Germaine Dieterlen (15 May 1903 in Valleraugue – 13 November 1999 in Paris) was a French anthropologist.
She was a student of Marcel Mauss, worked with noted French anthropologists Marcel Griaule (1898-1956) and Jean Rouch, wrote on a large range of ethnographic topics and made pioneering contributions to the study of myths, initiations, techniques (particularly "descriptive ethnography"), graphic systems, objects, classifications, ritual and social structure.

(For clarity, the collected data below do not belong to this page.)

lemma (in prob_space) covariance_measure_below_eq_set_integral:
  assumes [measurable]: "random_variable borel U" "random_variable borel V"
  shows "covariance (\<lambda>\<omega>. measure lborel {x\<in>{a..b}. x < U \<omega>}) (\<lambda>\<omega>. measure lborel {y\<in>{c..d}. y < V \<omega>})
       = (LINT z:{a..b}\<times>{c..d}|lborel. upper_quadrant_cov M U V (fst z) (snd z))"
proof -
  let ?F = "\<lambda>\<omega>. measure lborel {x\<in>{a..b}. x < U \<omega>}"
    and ?H = "\<lambda>\<omega>. measure lborel {y\<in>{c..d}. y < V \<omega>}"
  have box: "{a..b}\<times>{c..d} = cbox (a, c) (b, d)"
    by (simp add: cbox_Pair_eq)
  have product: "?F \<omega> * ?H \<omega> = measure lborel {z\<in>{a..b}\<times>{c..d}. fst z < U \<omega> \<and> snd z < V \<omega>}" for \<omega>
  proof -
    have "{z\<in>{a..b}\<times>{c..d}. fst z < U \<omega> \<and> snd z < V \<omega>} = ({a..b} \<inter> {..<U \<omega>}) \<times> ({c..d} \<inter> {..<V \<omega>})"
      by auto
    moreover have "{x\<in>{a..b}. x < U \<omega>} = {a..b} \<inter> {..<U \<omega>}" "{y\<in>{c..d}. y < V \<omega>} = {c..d} \<inter> {..<V \<omega>}"
      by auto
    ultimately show ?thesis
      by (simp add: lborel_prod[symmetric] measure_def lborel.emeasure_pair_measure_Times enn2real_mult)
  qed
  have joint: "expectation (\<lambda>\<omega>. ?F \<omega> * ?H \<omega>)
      = (LINT z:{a..b}\<times>{c..d}|lborel. prob {\<omega>\<in>space M. fst z < U \<omega> \<and> snd z < V \<omega>})"
    unfolding product
    by (rule integral_measure_section_eq_set_integral)
       (simp_all add: box emeasure_lborel_cbox_eq, unfold lborel_prod[symmetric], measurable)
  have marginal: "expectation (\<lambda>\<omega>. measure lborel {x\<in>{e..f}. x < W \<omega>})
      = (LINT x:{e..f}|lborel. prob {\<omega>\<in>space M. x < W \<omega>})"
    if [measurable]: "random_variable borel W" for W :: "'a \<Rightarrow> real" and e f
    by (rule integral_measure_section_eq_set_integral) (auto simp: emeasure_lborel_Icc_eq)
  have "expectation ?F * expectation ?H
      = (LINT z:{a..b}\<times>{c..d}|lborel. prob {\<omega>\<in>space M. fst z < U \<omega>} * prob {\<omega>\<in>space M. snd z < V \<omega>})"
    unfolding marginal[OF assms(1)] marginal[OF assms(2)]
    by (rule set_integral_Icc_mult_Icc[where B=1 and C=1])
       (simp_all add: borel_measurable_prob_greater)
  moreover have "set_integrable lborel ({a..b}\<times>{c..d})
      (\<lambda>z. prob {\<omega>\<in>space M. fst z < U \<omega> \<and> snd z < V \<omega>})"
    unfolding box
    by (rule set_integrable_cbox_bounded[OF borel_measurable_prob_greater_pair[OF assms], where B=1]) simp
  moreover have "set_integrable lborel ({a..b}\<times>{c..d})
      (\<lambda>z. prob {\<omega>\<in>space M. fst z < U \<omega>} * prob {\<omega>\<in>space M. snd z < V \<omega>})"
    unfolding box using borel_measurable_prob_greater[of U] borel_measurable_prob_greater[of V]
    by (intro set_integrable_cbox_bounded[where B=1])
       (auto simp: lborel_prod[symmetric] abs_mult intro: mult_le_one)
  ultimately show ?thesis
    unfolding covariance_def joint upper_quadrant_cov_def by (simp add: set_integral_diff)
qed
(* Let $i\geq1$ and let $\varphi_i\colon(A/\!/E(i))_*\to(A/\!/E(i-1))_*$ be the algebra map determined by $\zeta_k\mapsto\zeta_{k-1}$ for all $k\ge1$ (with $\zeta_0=1$) and $\overline{\tau}_j\mapsto\overline{\tau}_{j-1}$ for all $j\geq i+1$. Then $\varphi_i$ is a map of ungraded $E(i)_*$-comodules, where $(A/\!/E(i-1))_*$ is regarded as an $E(i)_*$-comodule.
   Context: Let $p$ be an odd prime. In the mod $p$ dual Steenrod algebra $A_*$ let $\zeta_n,\overline{\tau}_n$ be the conjugates of Milnor's generators $\xi_n,\tau_n$. For $n\ge0$, $(A/\!/E(n))_*=\mathbb{F}_p[\zeta_1,\zeta_2,\ldots]\otimes E(\overline{\tau}_{n+1},\overline{\tau}_{n+2},\ldots)\subseteq A_*$ is an $A_*$-comodule algebra via the coproduct $\psi(\zeta_n)=\sum_{a+b=n}\zeta_b\otimes\zeta_a^{p^b}$, $\psi(\overline{\tau}_n)=1\otimes\overline{\tau}_n+\sum_{a+b=n}\overline{\tau}_b\otimes\zeta_a^{p^b}$, and hence a comodule over the quotient Hopf algebra $E(i)_*=E(\overline{\tau}_0,\ldots,\overline{\tau}_i)$ (primitive generators) for any $i$, via the projection $A_*\to E(i)_*$ killing $\zeta_k$ ($k\ge1$) and $\overline{\tau}_k$ ($k>i$). *)

theory Defs
  imports Main "HOL-Computational_Algebra.Primes" "HOL-Library.Poly_Mapping" "HOL-Library.Product_Lexorder"
begin

text \<open>A monomial is a pair (e, T): e gives the exponents of the even (polynomial)
generators, T is the set of odd (exterior) generators present, written in
increasing order.\<close>

type_synonym ('e,'o) mono = "('e \<Rightarrow>\<^sub>0 nat) \<times> 'o set"
type_synonym ('e,'o,'k) sp = "('e,'o) mono \<Rightarrow>\<^sub>0 'k"

definition inv_count :: "'o::linorder set \<Rightarrow> 'o set \<Rightarrow> nat" where
  "inv_count T1 T2 = card {(a,b). a \<in> T1 \<and> b \<in> T2 \<and> b < a}"

text \<open>c times the product of two monomials (Koszul sign for reordering odd generators).\<close>
definition mono_term :: "'k::comm_ring_1 \<Rightarrow> ('e,'o::linorder) mono \<Rightarrow> ('e,'o) mono \<Rightarrow> ('e,'o,'k) sp" where
  "mono_term c m n =
     (if snd m \<inter> snd n = {}
      then Poly_Mapping.single (fst m + fst n, snd m \<union> snd n) (c * (-1) ^ inv_count (snd m) (snd n))
      else 0)"

definition sp_mult :: "('e,'o::linorder,'k::comm_ring_1) sp \<Rightarrow> ('e,'o,'k) sp \<Rightarrow> ('e,'o,'k) sp" where
  "sp_mult f g = (\<Sum>m\<in>Poly_Mapping.keys f. \<Sum>n\<in>Poly_Mapping.keys g. mono_term (Poly_Mapping.lookup f m * Poly_Mapping.lookup g n) m n)"

definition sp_const :: "'k::comm_ring_1 \<Rightarrow> ('e,'o,'k) sp" where
  "sp_const c = Poly_Mapping.single (0, {}) c"

abbreviation sp_one :: "('e,'o,'k::comm_ring_1) sp" where
  "sp_one \<equiv> sp_const 1"

definition sp_smult :: "'k::comm_ring_1 \<Rightarrow> ('e,'o::linorder,'k) sp \<Rightarrow> ('e,'o,'k) sp" where
  "sp_smult c x = sp_mult (sp_const c) x"

definition sp_pow :: "('e,'o::linorder,'k::comm_ring_1) sp \<Rightarrow> nat \<Rightarrow> ('e,'o,'k) sp" where
  "sp_pow x n = ((sp_mult x) ^^ n) sp_one"

definition sp_even :: "'e \<Rightarrow> ('e,'o,'k::comm_ring_1) sp" where
  "sp_even k = Poly_Mapping.single (Poly_Mapping.single k 1, {}) 1"

definition sp_odd :: "'o \<Rightarrow> ('e,'o,'k::comm_ring_1) sp" where
  "sp_odd j = Poly_Mapping.single (0, {j}) 1"

definition mono_image ::
  "('e::linorder \<Rightarrow> ('e2,'o2::linorder,'k::comm_ring_1) sp) \<Rightarrow> ('o::linorder \<Rightarrow> ('e2,'o2,'k) sp)
   \<Rightarrow> ('e,'o) mono \<Rightarrow> ('e2,'o2,'k) sp" where
  "mono_image ge go m =
     sp_mult
       (foldr (\<lambda>k acc. sp_mult (sp_pow (ge k) (Poly_Mapping.lookup (fst m) k)) acc)
              (sorted_list_of_set (Poly_Mapping.keys (fst m))) sp_one)
       (foldr (\<lambda>j acc. sp_mult (go j) acc) (sorted_list_of_set (snd m)) sp_one)"

definition hom_ext ::
  "('e::linorder \<Rightarrow> ('e2,'o2::linorder,'k::comm_ring_1) sp) \<Rightarrow> ('o::linorder \<Rightarrow> ('e2,'o2,'k) sp)
   \<Rightarrow> ('e,'o,'k) sp \<Rightarrow> ('e2,'o2,'k) sp" where
  "hom_ext ge go f = (\<Sum>m\<in>Poly_Mapping.keys f. sp_smult (Poly_Mapping.lookup f m) (mono_image ge go m))"

text \<open>A_* (as an algebra): even generators zeta_k (k \<ge> 1), odd generators taubar_j (j \<ge> 0).
Type: even and odd generators indexed by nat.\<close>
type_synonym 'k Astar = "(nat, nat, 'k) sp"

text \<open>A_* \<otimes> A_*: the graded tensor product of free graded-commutative algebras is the
free graded-commutative algebra on the disjoint union of generators; index (False,k)
is the generator in the left factor, (True,k) in the right factor. Since
(False,_) < (True,_), a basis monomial x \<otimes> y is encoded as the product x\<cdot>y, which
gives the Koszul sign convention (x\<otimes>y)(x'\<otimes>y') = (-1)^{|y||x'|} xx'\<otimes>yy'.\<close>
type_synonym 'k Atens = "(bool \<times> nat, bool \<times> nat, 'k) sp"

definition zeta :: "nat \<Rightarrow> 'k::comm_ring_1 Astar" where
  "zeta k = (if k = 0 then sp_one else sp_even k)"

definition taubar :: "nat \<Rightarrow> 'k::comm_ring_1 Astar" where
  "taubar j = sp_odd j"

definition zetaL :: "nat \<Rightarrow> 'k::comm_ring_1 Atens" where
  "zetaL k = (if k = 0 then sp_one else sp_even (False, k))"
definition zetaR :: "nat \<Rightarrow> 'k::comm_ring_1 Atens" where
  "zetaR k = (if k = 0 then sp_one else sp_even (True, k))"
definition taubarL :: "nat \<Rightarrow> 'k::comm_ring_1 Atens" where
  "taubarL j = sp_odd (False, j)"
definition taubarR :: "nat \<Rightarrow> 'k::comm_ring_1 Atens" where
  "taubarR j = sp_odd (True, j)"

text \<open>(A//E(n))_* = F_p[zeta_1,zeta_2,...] \<otimes> E(taubar_{n+1},...) as a subset of A_*.\<close>
definition AmodE :: "nat \<Rightarrow> 'k::comm_ring_1 Astar \<Rightarrow> bool" where
  "AmodE n f \<longleftrightarrow> (\<forall>m\<in>Poly_Mapping.keys f. 0 \<notin> Poly_Mapping.keys (fst m) \<and> finite (snd m) \<and> snd m \<subseteq> {n+1..})"

definition psi :: "nat \<Rightarrow> 'k::comm_ring_1 Astar \<Rightarrow> 'k Atens" where
  "psi p = hom_ext
     (\<lambda>n. \<Sum>b\<le>n. sp_mult (zetaL b) (sp_pow (zetaR (n - b)) (p ^ b)))
     (\<lambda>n. taubarR n + (\<Sum>b\<le>n. sp_mult (taubarL b) (sp_pow (zetaR (n - b)) (p ^ b))))"
(* Let $f$ be a probability density on $\mathbb{R}$ and let ${\bf X}_{\text{PROS}}=\{X_{[d_j]i}: j=1,\dots,n;\ i=1,\dots,L\}$ be a $\text{PROS}_{\boldsymbol{\alpha}}(n,L,s,D)$ sample of size $N=nL$ from $f$ (as defined in the context). Let $h$ be a real function with $\mu_h=\mathbb{E}[h(X)]$, $X\sim f$, and assume the required moments of $h(X)$ exist. Define $$\hat{\mu}_{h.\text{PROS}}=\frac{1}{N}\sum_{i=1}^L\sum_{j=1}^n h(X_{[d_j]i}).$$ Then: (i) $\mathbb{E}(\hat{\mu}_{h.\text{PROS}})=\mu_h$; (ii) $\mathrm{var}(\hat{\mu}_{h.\text{PROS}})\le \mathrm{var}(\hat{\mu}_{h.\text{SRS}})$, where $\hat{\mu}_{h.\text{SRS}}=\frac1N\sum_{k=1}^N h(X_k)$ with $X_1,\dots,X_N$ i.i.d. with density $f$; (iii) $\hat{\mu}_{h.\text{PROS}}$ is asymptotically normally distributed with mean $\mu_h$ and variance $\mathrm{var}(\hat{\mu}_{h.\text{PROS}})$ as $L\to\infty$; (iv) $\hat{\mu}_{h.\text{PROS}}$ is a strongly consistent estimator of $\mu_h$ as $L\to\infty$.
   Context: Let $f$ be a density with cdf $F$. Fix positive integers $s,n,L$ with $m=s/n$ an integer, and the design parameter $D=\{d_1,\dots,d_n\}$ with $d_j=\{(j-1)m+1,\dots,jm\}$. Let $\boldsymbol{\alpha}=(\alpha_{d_j,d_h})_{j,h=1}^n$ be a doubly stochastic matrix of misplacement probabilities ($\alpha_{d_j,d_h}$ is the probability that a unit from subset $d_h$ is placed in subset $d_j$; rows and columns sum to 1). For $u=1,\dots,s$, $f_{(u:s)}(x)=\frac{s!}{(u-1)!(s-u)!}F(x)^{u-1}(1-F(x))^{s-u}f(x)$ is the density of the $u$-th order statistic of $s$ i.i.d. draws from $f$. A $\text{PROS}_{\boldsymbol{\alpha}}(n,L,s,D)$ sample (partially rank-ordered set sample: in each of $L$ cycles and for each $j$, $s$ units are drawn, judgment-partitioned into ordered subsets $d_1,\dots,d_n$ with subsetting errors governed by $\boldsymbol\alpha$, and one unit drawn at random from subset $d_j$ is measured) is a family of independent random variables $X_{[d_j]i}$, $j=1,\dots,n$, $i=1,\dots,L$, where $X_{[d_j]i}$ has density $f_{[d_j]}(x)=\frac1m\sum_{h=1}^n\sum_{u\in d_h}\alpha_{d_j,d_h}f_{(u:s)}(x)$. *)

theory Defs
  imports "HOL-Probability.Probability"
begin

definition cdf_of :: "(real \<Rightarrow> real) \<Rightarrow> real \<Rightarrow> real" where
  "cdf_of f x = measure (density lborel (\<lambda>t. ennreal (f t))) {..x}"

text \<open>density of the u-th order statistic of s i.i.d. draws from f\<close>
definition os_density :: "(real \<Rightarrow> real) \<Rightarrow> nat \<Rightarrow> nat \<Rightarrow> real \<Rightarrow> real" where
  "os_density f s u x =
     fact s / (fact (u - 1) * fact (s - u)) * cdf_of f x ^ (u - 1) * (1 - cdf_of f x) ^ (s - u) * f x"

definition pros_subset :: "nat \<Rightarrow> nat \<Rightarrow> nat \<Rightarrow> nat set" where
  "pros_subset s n j = {(j - 1) * (s div n) + 1 .. j * (s div n)}"

definition doubly_stochastic :: "nat \<Rightarrow> (nat \<Rightarrow> nat \<Rightarrow> real) \<Rightarrow> bool" where
  "doubly_stochastic n \<alpha> \<longleftrightarrow>
     (\<forall>j\<in>{1..n}. \<forall>h\<in>{1..n}. 0 \<le> \<alpha> j h) \<and>
     (\<forall>j\<in>{1..n}. (\<Sum>h=1..n. \<alpha> j h) = 1) \<and>
     (\<forall>h\<in>{1..n}. (\<Sum>j=1..n. \<alpha> j h) = 1)"

text \<open>density f_[d_j] of a PROS observation from judgment subset d_j
  (alpha j h = probability that a unit from d_h is placed in d_j)\<close>
definition pros_density ::
  "(real \<Rightarrow> real) \<Rightarrow> nat \<Rightarrow> nat \<Rightarrow> (nat \<Rightarrow> nat \<Rightarrow> real) \<Rightarrow> nat \<Rightarrow> real \<Rightarrow> real" where
  "pros_density f s n \<alpha> j x =
     (1 / real (s div n)) * (\<Sum>h=1..n. \<Sum>u\<in>pros_subset s n h. \<alpha> j h * os_density f s u x)"

definition pros_est ::
  "nat \<Rightarrow> (real \<Rightarrow> real) \<Rightarrow> (nat \<Rightarrow> nat \<Rightarrow> 'a \<Rightarrow> real) \<Rightarrow> nat \<Rightarrow> 'a \<Rightarrow> real" where
  "pros_est n h X L \<omega> = (\<Sum>i=1..L. \<Sum>j=1..n. h (X j i \<omega>)) / real (n * L)"

definition rv_mean :: "'a measure \<Rightarrow> ('a \<Rightarrow> real) \<Rightarrow> real" where
  "rv_mean M Y = (\<integral>\<omega>. Y \<omega> \<partial>M)"

definition rv_var :: "'a measure \<Rightarrow> ('a \<Rightarrow> real) \<Rightarrow> real" where
  "rv_var M Y = (\<integral>\<omega>. (Y \<omega> - rv_mean M Y)\<^sup>2 \<partial>M)"

end

theory Submission
  imports Defs "HOL-Library.Discrete_Functions"
begin

text \<open>Let Z_i be the total of h over the n observations of cycle i, so that the estimator is
  (Z_1 + ... + Z_L) / (n L). The cycles are independent and identically distributed. Because the
  misplacement matrix is doubly stochastic and the densities of the s order statistics add up to
  s f, the judgment-subset densities f_[d_j] average to f. Hence E Z_i = n mu_h, and var Z_i, the sum
  of the within-subset variances, is n var h(X) minus the spread of the subset means around mu_h
  (law of total variance). This gives (i) and (ii); (iii) is the central limit theorem for the Z_i,
  and (iv) is the strong law of large numbers, proved here for uncorrelated variables of bounded
  variance by Chebyshev's inequality and Borel-Cantelli along the squares. The normalisation in
  (iii) needs var Z_i > 0: a subset that receives the first order statistic has a density that is
  positive wherever f is, outside a null set, so h cannot be constant on it unless it is constant
  under f.\<close>

section \<open>Second moments of sums\<close>

lemma integrable_mult_of_square_integrable:
  fixes U V :: "'a \<Rightarrow> real"
  assumes [measurable]: "U \<in> borel_measurable M" "V \<in> borel_measurable M"
    and "integrable M (\<lambda>x. (U x)\<^sup>2)" "integrable M (\<lambda>x. (V x)\<^sup>2)"
  shows "integrable M (\<lambda>x. U x * V x)"
proof (rule Bochner_Integration.integrable_bound)
  show "integrable M (\<lambda>x. (U x)\<^sup>2 + (V x)\<^sup>2)" using assms by auto
  have "\<bar>U x * V x\<bar> \<le> (U x)\<^sup>2 + (V x)\<^sup>2" for x
  proof -
    have "2 * \<bar>U x * V x\<bar> \<le> (U x)\<^sup>2 + (V x)\<^sup>2"
      using sum_squares_bound[of "\<bar>U x\<bar>" "\<bar>V x\<bar>"] by (simp add: abs_mult)
    then show ?thesis using abs_ge_zero[of "U x * V x"] by linarith
  qed
  then show "AE x in M. norm (U x * V x) \<le> norm ((U x)\<^sup>2 + (V x)\<^sup>2)"
    by (intro AE_I2) simp
qed measurable

lemma integrable_square_sum:
  fixes V :: "'i \<Rightarrow> 'a \<Rightarrow> real"
  assumes [measurable]: "\<And>k. k \<in> I \<Longrightarrow> V k \<in> borel_measurable M"
    and "\<And>k. k \<in> I \<Longrightarrow> integrable M (\<lambda>x. (V k x)\<^sup>2)"
  shows "integrable M (\<lambda>x. (\<Sum>k\<in>I. V k x)\<^sup>2)"
proof (rule Bochner_Integration.integrable_bound)
  show "integrable M (\<lambda>x. (\<Sum>k\<in>I. (V k x)\<^sup>2) * real (card I))"
    using assms by auto
  show "AE x in M. norm ((\<Sum>k\<in>I. V k x)\<^sup>2) \<le> norm ((\<Sum>k\<in>I. (V k x)\<^sup>2) * real (card I))"
    by (intro AE_I2) (simp add: sum_squared_le_sum_of_squares sum_nonneg)
qed (use assms in measurable)

lemma integrable_mult_of_weighted_square:
  fixes p h :: "'a \<Rightarrow> real"
  assumes [measurable]: "p \<in> borel_measurable M" "h \<in> borel_measurable M"
    and p_nonneg: "\<And>x. 0 \<le> p x"
    and "integrable M p" "integrable M (\<lambda>x. p x * (h x)\<^sup>2)"
  shows "integrable M (\<lambda>x. p x * h x)"
proof (rule Bochner_Integration.integrable_bound)
  show "integrable M (\<lambda>x. p x + p x * (h x)\<^sup>2)" using assms by auto
  have "norm (p x * h x) \<le> norm (p x + p x * (h x)\<^sup>2)" for x
  proof -
    have "\<bar>h x\<bar> \<le> 1 + (h x)\<^sup>2"
      using sum_squares_bound[of 1 "\<bar>h x\<bar>"] by simp
    then have "p x * \<bar>h x\<bar> \<le> p x * (1 + (h x)\<^sup>2)"
      using p_nonneg by (rule mult_left_mono)
    then show ?thesis
      using p_nonneg[of x] by (simp add: abs_mult distrib_left)
  qed
  then show "AE x in M. norm (p x * h x) \<le> norm (p x + p x * (h x)\<^sup>2)"
    by simp
qed measurable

She is most noted for her work among the Dogon and the Bambara of Mali, having lived with them for over twenty years, often in collaboration with Marcel Griaule, with whom she wrote the book The Pale Fox (1965).

==Themes==
Some of the main themes in her work concentrate on the notions of sacred kingship, the position of the first born, relationships between maternal uncles and nephews, division of labor, marriage, and the status of the rainmaker in Dogon society. Because each episode of the rite is enacted only once every sixty years, Dieterlen's documentation of the Sigui cycle was thought to allow the Dogon themselves to see and interpret the entire sequence of rites which they had heretofore only observed in part.

==Research==
Dieterlen began her ethnographic research in Bandiagara, Mali, in 1941. Perhaps most controversially, Dieterlen was criticized by her peers for her publications with Griaule on Dogon astronomy, which professed an ancient knowledge of the existence of a dwarf white star, Sirius B also called the Dog Star, invisible to the naked eye. This ancient indigenous knowledge (the Nommo) and the supposition that extraterrestrials might have been in contact with the Dogon was popularized by Robert K. G. Temple in his book The Sirius Mystery (1976) and Tom Robbins Half Asleep in Frog Pajamas (1995).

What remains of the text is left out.